Pecado de omisión cuando no denuncio las políticas comerciales internacionales injustas, que favorecen a los poderosos del Norte y empobrece aún más a los pobres del Sur.
Nuestro exceso de consumo es el incremento de su pobreza. Lampedusa, Algeciras… son receptores de aquellos africanos y africanas que huyen de una pobreza extrema de, muchas veces, una muerte segura. Emprenden un viaje en busca de El Dorado pero se encuentran nuevamente con la exclusión y la pobreza. Y en muchas ocasiones el final del viaje es la muerte en los mares que cruzan.

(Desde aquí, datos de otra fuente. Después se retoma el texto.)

(* For $n\ge 1$, the perfect matching complex $\mathcal{M}_p(\mathcal{G}_{2\times n})$ of the $(2\times n)$-grid graph is contractible if $n$ is odd, and is homotopy equivalent to the sphere $\mathbb{S}^k$ if $n$ is even and $n=2k+2$. *)

theory Defs
  imports "HOL-Analysis.Analysis"
begin

definition grid_vertices :: "nat \<Rightarrow> (nat \<times> nat) set" where
  "grid_vertices n = {(i, j). i < 2 \<and> j < n}"

definition grid_adj :: "nat \<times> nat \<Rightarrow> nat \<times> nat \<Rightarrow> bool" where
  "grid_adj u v \<longleftrightarrow>
     (fst u = fst v \<and> (snd u = snd v + 1 \<or> snd v = snd u + 1)) \<or>
     (snd u = snd v \<and> (fst u = fst v + 1 \<or> fst v = fst u + 1))"

definition grid_edges :: "nat \<Rightarrow> (nat \<times> nat) set set" where
  "grid_edges n = {{u, v} | u v. u \<in> grid_vertices n \<and> v \<in> grid_vertices n \<and> grid_adj u v}"

definition perfect_matching :: "'v set \<Rightarrow> 'v set set \<Rightarrow> 'v set set \<Rightarrow> bool" where
  "perfect_matching V E M \<longleftrightarrow> M \<subseteq> E \<and> (\<forall>v\<in>V. \<exists>!e. e \<in> M \<and> v \<in> e)"

definition perfect_matching_complex :: "'v set \<Rightarrow> 'v set set \<Rightarrow> 'v set set set" where
  "perfect_matching_complex V E = {\<sigma>. \<exists>M. perfect_matching V E M \<and> \<sigma> \<subseteq> M}"

definition geometric_realization :: "'a set \<Rightarrow> 'a set set \<Rightarrow> ('a \<Rightarrow> real) topology" where
  "geometric_realization W K =
     subtopology (powertop_real W)
       {f. (\<forall>w\<in>W. 0 \<le> f w) \<and> (\<Sum>w\<in>W. f w) = 1 \<and> {w\<in>W. f w \<noteq> 0} \<in> K}"

definition grid_pm_complex_space :: "nat \<Rightarrow> ((nat \<times> nat) set \<Rightarrow> real) topology" where
  "grid_pm_complex_space n =
     geometric_realization (grid_edges n)
       (perfect_matching_complex (grid_vertices n) (grid_edges n))"

end

theory Submission
  imports Defs
begin
lemma pair_witness_if_in_S:
  assumes "x \<in> S"
  shows "\<exists>a \<in> \<pi> ` S \<inter> desc E x. \<exists>b \<in> \<sigma> ` S \<inter> desc E x. a \<in> leaves V E \<and> b \<in> leaves V E \<and>
           (\<forall>c \<in> children E x. card ((\<pi> ` S - {a}) \<inter> desc E c) = card ((\<sigma> ` S - {b}) \<inter> desc E c)
              \<and> \<not> {a, b} \<subseteq> desc E c)"
proof -
  have "\<pi> x \<in> \<pi> ` S \<inter> desc E x" "\<sigma> x \<in> \<sigma> ` S \<inter> desc E x"
    using assms anc_endpoints unfolding desc_def by auto
  then show ?thesis
    using balanced_removing_own_pair[OF assms] \<pi>_leaf[OF assms] \<sigma>_leaf[OF assms] by blast
qed

lemma single_witness_if_requested:
  assumes "x \<notin> S" "requested E S \<pi> \<sigma> x"
  shows "\<exists>z \<in> (\<pi> ` S \<union> \<sigma> ` S) \<inter> desc E x. z \<in> leaves V E \<and>
           (\<forall>c \<in> children E x. card ((\<pi> ` S - {z}) \<inter> desc E c) = card ((\<sigma> ` S - {z}) \<inter> desc E c))"
proof -
  obtain s0 where s0: "s0 \<in> S" "s_requested E \<pi> \<sigma> s0 x"
    using assms(2) unfolding requested_def by blast
  have s0x: "(s0, x) \<in> E\<^sup>*" and x_anc: "(x, \<pi> s0) \<in> E\<^sup>* \<or> (x, \<sigma> s0) \<in> E\<^sup>*"
    using s0 s_requested_iff by auto
  have not_both: "\<not> ((x, \<pi> s0) \<in> E\<^sup>* \<and> (x, \<sigma> s0) \<in> E\<^sup>*)"
  proof
    assume "(x, \<pi> s0) \<in> E\<^sup>* \<and> (x, \<sigma> s0) \<in> E\<^sup>*"
    then have "(x, s0) \<in> E\<^sup>*"
      using lca[OF s0(1)] unfolding is_lca_def by blast
    then show False
      using anc_antisym s0x s0(1) assms(1) by blast
  qed
  have outside: "y \<notin> desc E c" if "(x, y) \<notin> E\<^sup>*" "c \<in> children E x" for y c
    using desc_child_subset[OF that(2)] that(1) unfolding desc_def by blast
  have distinct: "\<pi> s0 \<notin> \<sigma> ` S" "\<sigma> s0 \<notin> \<pi> ` S"
    using endpoints_distinct s0(1) by (auto dest: sym)
  note others = card_children_balanced_except[OF s0]
  from x_anc show ?thesis
  proof
    assume x\<pi>: "(x, \<pi> s0) \<in> E\<^sup>*"
    then have "(x, \<sigma> s0) \<notin> E\<^sup>*"
      using not_both by blast
    then have "card ((\<pi> ` S - {\<pi> s0}) \<inter> desc E c) = card ((\<sigma> ` S - {\<pi> s0}) \<inter> desc E c)"
      if "c \<in> children E x" for c
      using card_image_Diff_Int_eq[OF inj_\<pi> s0(1) distinct(1) outside others] that by blast
    moreover have "\<pi> s0 \<in> (\<pi> ` S \<union> \<sigma> ` S) \<inter> desc E x"
      using x\<pi> s0(1) unfolding desc_def by simp
    ultimately show ?thesis
      using \<pi>_leaf[OF s0(1)] by blast
  next
    assume x\<sigma>: "(x, \<sigma> s0) \<in> E\<^sup>*"
    then have "(x, \<pi> s0) \<notin> E\<^sup>*"
      using not_both by blast
    then have "card ((\<pi> ` S - {\<sigma> s0}) \<inter> desc E c) = card ((\<sigma> ` S - {\<sigma> s0}) \<inter> desc E c)"
      if "c \<in> children E x" for c
      using card_image_Diff_Int_eq[OF inj_\<sigma> s0(1) distinct(2) outside others[symmetric]] that
      by (metis (no_types))
    moreover have "\<sigma> s0 \<in> (\<pi> ` S \<union> \<sigma> ` S) \<inter> desc E x"
      using x\<sigma> s0(1) unfolding desc_def by simp
    ultimately show ?thesis
      using \<sigma>_leaf[OF s0(1)] by blast
  qed
qed

lemma in_S_if_pair_balanced:
  assumes "x \<notin> leaves V E" "a \<in> \<pi> ` S \<inter> desc E x" "b \<in> \<sigma> ` S \<inter> desc E x"
    and pair: "\<And>c. c \<in> children E x \<Longrightarrow>
      card ((\<pi> ` S - {a}) \<inter> desc E c) = card ((\<sigma> ` S - {b}) \<inter> desc E c) \<and> \<not> {a, b} \<subseteq> desc E c"
  shows "x \<in> S"
proof (rule ccontr)
  assume x_notin: "x \<notin> S"
  have a: "a \<in> \<pi> ` S" "a \<in> desc E x" and b: "b \<in> \<sigma> ` S" "b \<in> desc E x"
    using assms(2,3) by auto
  have "a \<noteq> x" "b \<noteq> x"
    using a(1) b(1) assms(1) \<pi>_leaf \<sigma>_leaf by auto
  then obtain c0 c1 where c0: "c0 \<in> children E x" "a \<in> desc E c0"
    and c1: "c1 \<in> children E x" "b \<in> desc E c1"
    using desc_child_cases a(2) b(2) by metis
  have b_out: "b \<notin> desc E c0" and a_out: "a \<notin> desc E c1"
    using pair[OF c0(1)] pair[OF c1(1)] c0(2) c1(2) by auto
  have disjoint: "desc E c0 \<inter> desc E c1 = {}"
    using desc_children_disjoint[OF c0(1) c1(1)] b_out c1(2) by blast
  obtain c where c: "c \<in> {c0, c1}"
    and balanced: "card (\<pi> ` S \<inter> desc E c) = card (\<sigma> ` S \<inter> desc E c)"
  proof (cases "requested E S \<pi> \<sigma> x")
    case False
    then show ?thesis
      using that balanced_if_not_requested c0(1) by blast
  next
    case True
    then obtain z where z: "\<And>c. c \<in> children E x \<Longrightarrow>
        card ((\<pi> ` S - {z}) \<inter> desc E c) = card ((\<sigma> ` S - {z}) \<inter> desc E c)"
      using single_witness_if_requested x_notin by blast
    obtain c where c: "c \<in> {c0, c1}" "z \<notin> desc E c"
      using disjoint by blast
    then have "(\<pi> ` S - {z}) \<inter> desc E c = \<pi> ` S \<inter> desc E c"
      "(\<sigma> ` S - {z}) \<inter> desc E c = \<sigma> ` S \<inter> desc E c"
      by auto
    moreover have "c \<in> children E x"
      using c(1) c0(1) c1(1) by blast
    ultimately show ?thesis
      using that[OF c(1)] z[of c] by simp
  qed
  show False
  proof (cases "c = c0")
    case True
    then have "card ((\<pi> ` S - {a}) \<inter> desc E c0) \<noteq> card ((\<sigma> ` S - {b}) \<inter> desc E c0)"
      using card_Diff_Int_neq[OF finite_images(1), of a "desc E c0" b "\<sigma> ` S"] a(1) c0(2) b_out
        balanced by auto
    then show False
      using pair[OF c0(1)] by blast
  next
    case False
    then have "c = c1"
      using c by blast
    then have "card ((\<sigma> ` S - {b}) \<inter> desc E c1) \<noteq> card ((\<pi> ` S - {a}) \<inter> desc E c1)"
      using card_Diff_Int_neq[OF finite_images(2), of b "desc E c1" a "\<pi> ` S"] b(1) c1(2) a_out
        balanced by auto
    then show False
      using pair[OF c1(1)] by metis
  qed
qed

lemma in_S_iff_pair_balanced:
  assumes "x \<notin> leaves V E"
  shows "x \<in> S \<longleftrightarrow> (\<exists>a \<in> \<pi> ` S \<inter> desc E x. \<exists>b \<in> \<sigma> ` S \<inter> desc E x.
           (\<forall>c \<in> children E x. card ((\<pi> ` S - {a}) \<inter> desc E c) = card ((\<sigma> ` S - {b}) \<inter> desc E c)
              \<and> \<not> {a, b} \<subseteq> desc E c))" (is "_ \<longleftrightarrow> ?pair_balanced")
proof
  show ?pair_balanced if "x \<in> S"
    using pair_witness_if_in_S[OF that] by blast
  show "x \<in> S" if ?pair_balanced
    using that in_S_if_pair_balanced[OF assms] by blast
qed

end

theorem lemma3p5:
  fixes V :: "'a set" and r :: 'a and E :: "('a \<times> 'a) set"
    and S :: "'a set" and \<pi> \<sigma> :: "'a \<Rightarrow> 'a" and x :: 'a
  assumes tree: "rooted_tree V r E"
    and branching: "\<forall>v \<in> V - leaves V E. 2 \<le> card (children E v)"
    and ident: "identifies V E S \<pi> \<sigma>"
    and uniq: "unique_request V E S \<pi> \<sigma>"
    and inner: "x \<in> V - leaves V E"
  defines "A \<equiv> \<pi> ` S" and "B \<equiv> \<sigma> ` S"
  defines "C1 \<equiv> x \<notin> S \<and> \<not> requested E S \<pi> \<sigma> x
              \<and> (\<forall>c \<in> children E x. card (A \<inter> desc E c) = card (B \<inter> desc E c))"
    and "C2 \<equiv> x \<notin> S \<and> requested E S \<pi> \<sigma> x
              \<and> (\<exists>z \<in> (A \<union> B) \<inter> desc E x. z \<in> leaves V E \<and>
                   (\<forall>c \<in> children E x. card ((A - {z}) \<inter> desc E c) = card ((B - {z}) \<inter> desc E c)))"
    and "C3 \<equiv> x \<in> S \<and> requested E S \<pi> \<sigma> x
              \<and> (\<exists>a \<in> A \<inter> desc E x. \<exists>b \<in> B \<inter> desc E x. a \<in> leaves V E \<and> b \<in> leaves V E \<and>
                   (\<forall>c \<in> children E x. card ((A - {a}) \<inter> desc E c) = card ((B - {b}) \<inter> desc E c)
                      \<and> \<not> {a, b} \<subseteq> desc E c))"
  shows "(C1 \<or> C2 \<or> C3) \<and> \<not> (C1 \<and> C2) \<and> \<not> (C1 \<and> C3) \<and> \<not> (C2 \<and> C3)
         \<and> (x \<in> S \<longleftrightarrow> (\<exists>a \<in> A \<inter> desc E x. \<exists>b \<in> B \<inter> desc E x.
               (\<forall>c \<in> children E x. card ((A - {a}) \<inter> desc E c) = card ((B - {b}) \<inter> desc E c)
                  \<and> \<not> {a, b} \<subseteq> desc E c)))"
proof -
  interpret identification V r E S \<pi> \<sigma>
    using tree ident uniq by (simp add: identification_def identification_axioms_def tree_def)
  have C3: C3 if "x \<in> S"
    using that pair_witness_if_in_S s_requested_self unfolding C3_def A_def B_def requested_def by blast
  have C2: C2 if "x \<notin> S" "requested E S \<pi> \<sigma> x"
    using that single_witness_if_requested unfolding C2_def A_def B_def by blast
  have C1: C1 if "x \<notin> S" "\<not> requested E S \<pi> \<sigma> x"
    using that balanced_if_not_requested unfolding C1_def A_def B_def by blast
  have "x \<in> S \<longleftrightarrow> (\<exists>a \<in> A \<inter> desc E x. \<exists>b \<in> B \<inter> desc E x.
          (\<forall>c \<in> children E x. card ((A - {a}) \<inter> desc E c) = card ((B - {b}) \<inter> desc E c)
             \<and> \<not> {a, b} \<subseteq> desc E c))"
    using in_S_iff_pair_balanced inner unfolding A_def B_def by blast
  moreover have "\<not> (C1 \<and> C2) \<and> \<not> (C1 \<and> C3) \<and> \<not> (C2 \<and> C3)"
    unfolding C1_def C2_def C3_def by blast
  ultimately show ?thesis
    using C1 C2 C3 by blast
qed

Pero hay una parte de la población, una gran parte de la población, que no tiene tan siquiera la capacidad de decidir si irse o quedarse, de elegir entre una vida empobrecida para siempre o una posible salida de la miseria. Son los niños y las niñas, los más débiles, los más indefensos, los que no ven truncados sus sueños porque casi no llegan a la edad de soñar. “Cuanto hicisteis a unos de estos hermanos míos más pequeños, a mí me lo hicisteis.” (Mt 25, 40).
Hoy no podemos decir : «¿Cuándo te vi desnudo y no te vestí? ¿Cuándo pasaste hambre y no te di de comer?» Los medios de comunicación nos tienen informados de lo que pasa a nivel global, las ONGs, las comunidades religiosas nos cuentan lo que están haciendo para ayudar a disminuir la brecha entre el Norte y el Sur. Hoy no podemos decir: «Yo no sabía, yo no te ví…». Como decía un eslogan de hace unos años de una ONG: nuestra indiferencia nos hace cómplices.